___ EXCERPTED DATA ___

(* There exists an absolute constant $C>0$ such that the following holds. Let $N\in\mathbb N\cup\{0\}$, $\kappa\in(0,1)$, and $\rho_0(r,\theta)=\sum_{\ell=0}^{2^N-1}\chi_{(\ell2^{-N},(\ell+1)2^{-N}]}(r)f^\ell(\theta)$ with each $f^\ell\in L^\infty$ $2\pi$-periodic and $\int_0^{2\pi}f^\ell=0$; let $\rho$ be the corresponding solution. Then for every integer $M>N$ and every $Q\in\mathcal Q_M$: (a) if $t\ge C\frac{2^M}{\kappa}$, then $\big|\fint_Q\rho(t,\cdot)\big|\le\frac\kappa4\|\rho(t,\cdot)\|_{L^\infty}$; (b) if $t\ge C2^{2M}$, then $\big|\fint_Q\rho(t,\cdot)\big|\le2^{-M}\|\rho(t,\cdot)\|_{L^\infty}$.
   Context: $B_1\subset\mathbb R^2$ open unit disk, polar coordinates $(r,\theta)$, $\chi_I$ indicator of $I$, $\fint_Q=\frac1{|Q|}\int_Q$. Velocity $u(r,\theta)=2\pi r^2(\sin\theta,-\cos\theta)$; $\rho(t,\cdot)$ solves $\partial_t\rho+\operatorname{div}(u\rho)=0$, $\rho(0)=\rho_0$, explicitly $\rho(t,r,\theta)=\rho_0(r,\theta+2\pi tr)$. Annular tiling: for $M\in\mathbb N$, $i=0,\dots,2^M-1$, $j=0,\dots,i$, $Q^M_{ij}=\{(r,\theta): r\in(i2^{-M},(i+1)2^{-M}],\ \theta\in 2\pi(\tfrac{j}{i+1},\tfrac{j+1}{i+1}]\}$; $\mathcal Q_M$ is the family of all $Q^M_{ij}$. *)

theory Defs
  imports "HOL-Analysis.Analysis" "HOL-Probability.Essential_Supremum"
begin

___

_INSTRUCTIONS TO FOLLOW_:
Repeat all of the data exactly as given.

_REPLY TO THE EXERCISE_:
(* There exists an absolute constant $C>0$ such that the following holds. Let $N\in\mathbb N\cup\{0\}$, $\kappa\in(0,1)$, and $\rho_0(r,\theta)=\sum_{\ell=0}^{2^N-1}\chi_{(\ell2^{-N},(\ell+1)2^{-N}]}(r)f^\ell(\theta)$ with each $f^\ell\in L^\infty$ $2\pi$-periodic and $\int_0^{2\pi}f^\ell=0$; let $\rho$ be the corresponding solution. Then for every integer $M>N$ and every $Q\in\mathcal Q_M$: (a) if $t\ge C\frac{2^M}{\kappa}$, then $\big|\fint_Q\rho(t,\cdot)\big|\le\frac\kappa4\|\rho(t,\cdot)\|_{L^\infty}$; (b) if $t\ge C2^{2M}$, then $\big|\fint_Q\rho(t,\cdot)\big|\le2^{-M}\|\rho(t,\cdot)\|_{L^\infty}$.
   Context: $B_1\subset\mathbb R^2$ open unit disk, polar coordinates $(r,\theta)$, $\chi_I$ indicator of $I$, $\fint_Q=\frac1{|Q|}\int_Q$. Velocity $u(r,\theta)=2\pi r^2(\sin\theta,-\cos\theta)$; $\rho(t,\cdot)$ solves $\partial_t\rho+\operatorname{div}(u\rho)=0$, $\rho(0)=\rho_0$, explicitly $\rho(t,r,\theta)=\rho_0(r,\theta+2\pi tr)$. Annular tiling: for $M\in\mathbb N$, $i=0,\dots,2^M-1$, $j=0,\dots,i$, $Q^M_{ij}=\{(r,\theta): r\in(i2^{-M},(i+1)2^{-M}],\ \theta\in 2\pi(\tfrac{j}{i+1},\tfrac{j+1}{i+1}]\}$; $\mathcal Q_M$ is the family of all $Q^M_{ij}$. *)

theory Defs
  imports "HOL-Analysis.Analysis" "HOL-Probability.Essential_Supremum"
begin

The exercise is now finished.